*REQUIRED WORK:* Write out every entry in full. Leave nothing out.

[DATA FOR REVIEW — start]

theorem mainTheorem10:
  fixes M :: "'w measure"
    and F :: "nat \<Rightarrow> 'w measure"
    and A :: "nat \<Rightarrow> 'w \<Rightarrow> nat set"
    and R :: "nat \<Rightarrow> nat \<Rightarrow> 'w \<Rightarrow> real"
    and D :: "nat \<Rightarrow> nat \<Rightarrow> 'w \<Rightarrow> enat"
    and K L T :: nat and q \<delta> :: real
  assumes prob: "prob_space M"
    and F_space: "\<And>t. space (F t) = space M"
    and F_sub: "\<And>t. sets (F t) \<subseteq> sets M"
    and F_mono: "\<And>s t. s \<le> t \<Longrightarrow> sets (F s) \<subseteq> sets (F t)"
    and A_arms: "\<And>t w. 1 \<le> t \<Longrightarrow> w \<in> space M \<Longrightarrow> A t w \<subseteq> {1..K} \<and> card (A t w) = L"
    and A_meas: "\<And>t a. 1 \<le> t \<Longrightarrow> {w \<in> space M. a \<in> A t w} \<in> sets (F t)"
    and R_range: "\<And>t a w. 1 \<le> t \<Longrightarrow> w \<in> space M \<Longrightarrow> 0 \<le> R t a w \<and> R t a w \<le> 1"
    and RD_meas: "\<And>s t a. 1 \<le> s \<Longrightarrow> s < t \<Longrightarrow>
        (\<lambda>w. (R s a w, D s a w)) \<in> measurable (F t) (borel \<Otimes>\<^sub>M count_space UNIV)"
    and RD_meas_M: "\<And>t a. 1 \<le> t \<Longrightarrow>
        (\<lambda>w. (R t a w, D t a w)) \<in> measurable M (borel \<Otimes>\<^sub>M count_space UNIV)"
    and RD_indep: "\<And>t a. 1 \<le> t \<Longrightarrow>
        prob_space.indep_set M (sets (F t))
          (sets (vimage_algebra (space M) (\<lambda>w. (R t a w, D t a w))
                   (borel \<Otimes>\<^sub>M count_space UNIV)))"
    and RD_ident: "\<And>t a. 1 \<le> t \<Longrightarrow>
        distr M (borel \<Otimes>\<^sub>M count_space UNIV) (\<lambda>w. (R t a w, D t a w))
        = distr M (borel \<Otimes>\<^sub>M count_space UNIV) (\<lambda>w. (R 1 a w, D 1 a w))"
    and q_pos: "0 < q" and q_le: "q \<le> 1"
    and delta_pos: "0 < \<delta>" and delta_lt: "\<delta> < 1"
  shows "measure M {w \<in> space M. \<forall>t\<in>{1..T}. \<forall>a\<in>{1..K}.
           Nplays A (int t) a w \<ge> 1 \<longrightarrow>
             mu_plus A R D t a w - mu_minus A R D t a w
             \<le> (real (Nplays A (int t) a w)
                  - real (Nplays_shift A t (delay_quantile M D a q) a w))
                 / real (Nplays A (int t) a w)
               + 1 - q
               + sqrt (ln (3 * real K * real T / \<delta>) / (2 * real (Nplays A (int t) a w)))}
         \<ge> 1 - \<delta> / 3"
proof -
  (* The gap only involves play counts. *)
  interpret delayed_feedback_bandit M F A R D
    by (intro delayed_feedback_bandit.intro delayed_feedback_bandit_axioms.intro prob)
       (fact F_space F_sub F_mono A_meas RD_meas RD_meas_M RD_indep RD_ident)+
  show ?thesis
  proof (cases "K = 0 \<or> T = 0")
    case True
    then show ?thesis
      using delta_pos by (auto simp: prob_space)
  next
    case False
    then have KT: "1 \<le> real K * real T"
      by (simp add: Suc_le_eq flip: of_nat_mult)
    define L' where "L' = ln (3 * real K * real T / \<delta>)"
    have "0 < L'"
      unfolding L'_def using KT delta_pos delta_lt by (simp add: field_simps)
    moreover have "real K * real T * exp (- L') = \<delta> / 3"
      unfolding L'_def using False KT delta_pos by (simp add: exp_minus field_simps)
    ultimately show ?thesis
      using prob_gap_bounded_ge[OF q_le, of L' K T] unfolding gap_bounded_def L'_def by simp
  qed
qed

[DATA FOR REVIEW — finish]

*FINAL ANSWER:*
theorem mainTheorem10:
  fixes M :: "'w measure"
    and F :: "nat \<Rightarrow> 'w measure"
    and A :: "nat \<Rightarrow> 'w \<Rightarrow> nat set"
    and R :: "nat \<Rightarrow> nat \<Rightarrow> 'w \<Rightarrow> real"
    and D :: "nat \<Rightarrow> nat \<Rightarrow> 'w \<Rightarrow> enat"
    and K L T :: nat and q \<delta> :: real
  assumes prob: "prob_space M"
    and F_space: "\<And>t. space (F t) = space M"
    and F_sub: "\<And>t. sets (F t) \<subseteq> sets M"
    and F_mono: "\<And>s t. s \<le> t \<Longrightarrow> sets (F s) \<subseteq> sets (F t)"
    and A_arms: "\<And>t w. 1 \<le> t \<Longrightarrow> w \<in> space M \<Longrightarrow> A t w \<subseteq> {1..K} \<and> card (A t w) = L"
    and A_meas: "\<And>t a. 1 \<le> t \<Longrightarrow> {w \<in> space M. a \<in> A t w} \<in> sets (F t)"
    and R_range: "\<And>t a w. 1 \<le> t \<Longrightarrow> w \<in> space M \<Longrightarrow> 0 \<le> R t a w \<and> R t a w \<le> 1"
    and RD_meas: "\<And>s t a. 1 \<le> s \<Longrightarrow> s < t \<Longrightarrow>
        (\<lambda>w. (R s a w, D s a w)) \<in> measurable (F t) (borel \<Otimes>\<^sub>M count_space UNIV)"
    and RD_meas_M: "\<And>t a. 1 \<le> t \<Longrightarrow>
        (\<lambda>w. (R t a w, D t a w)) \<in> measurable M (borel \<Otimes>\<^sub>M count_space UNIV)"
    and RD_indep: "\<And>t a. 1 \<le> t \<Longrightarrow>
        prob_space.indep_set M (sets (F t))
          (sets (vimage_algebra (space M) (\<lambda>w. (R t a w, D t a w))
                   (borel \<Otimes>\<^sub>M count_space UNIV)))"
    and RD_ident: "\<And>t a. 1 \<le> t \<Longrightarrow>
        distr M (borel \<Otimes>\<^sub>M count_space UNIV) (\<lambda>w. (R t a w, D t a w))
        = distr M (borel \<Otimes>\<^sub>M count_space UNIV) (\<lambda>w. (R 1 a w, D 1 a w))"
    and q_pos: "0 < q" and q_le: "q \<le> 1"
    and delta_pos: "0 < \<delta>" and delta_lt: "\<delta> < 1"
  shows "measure M {w \<in> space M. \<forall>t\<in>{1..T}. \<forall>a\<in>{1..K}.
           Nplays A (int t) a w \<ge> 1 \<longrightarrow>
             mu_plus A R D t a w - mu_minus A R D t a w
             \<le> (real (Nplays A (int t) a w)
                  - real (Nplays_shift A t (delay_quantile M D a q) a w))
                 / real (Nplays A (int t) a w)
               + 1 - q
               + sqrt (ln (3 * real K * real T / \<delta>) / (2 * real (Nplays A (int t) a w)))}
         \<ge> 1 - \<delta> / 3"
proof -
  (* The gap only involves play counts. *)
  interpret delayed_feedback_bandit M F A R D
    by (intro delayed_feedback_bandit.intro delayed_feedback_bandit_axioms.intro prob)
       (fact F_space F_sub F_mono A_meas RD_meas RD_meas_M RD_indep RD_ident)+
  show ?thesis
  proof (cases "K = 0 \<or> T = 0")
    case True
    then show ?thesis
      using delta_pos by (auto simp: prob_space)
  next
    case False
    then have KT: "1 \<le> real K * real T"
      by (simp add: Suc_le_eq flip: of_nat_mult)
    define L' where "L' = ln (3 * real K * real T / \<delta>)"
    have "0 < L'"
      unfolding L'_def using KT delta_pos delta_lt by (simp add: field_simps)
    moreover have "real K * real T * exp (- L') = \<delta> / 3"
      unfolding L'_def using False KT delta_pos by (simp add: exp_minus field_simps)
    ultimately show ?thesis
      using prob_gap_bounded_ge[OF q_le, of L' K T] unfolding gap_bounded_def L'_def by simp
  qed
qed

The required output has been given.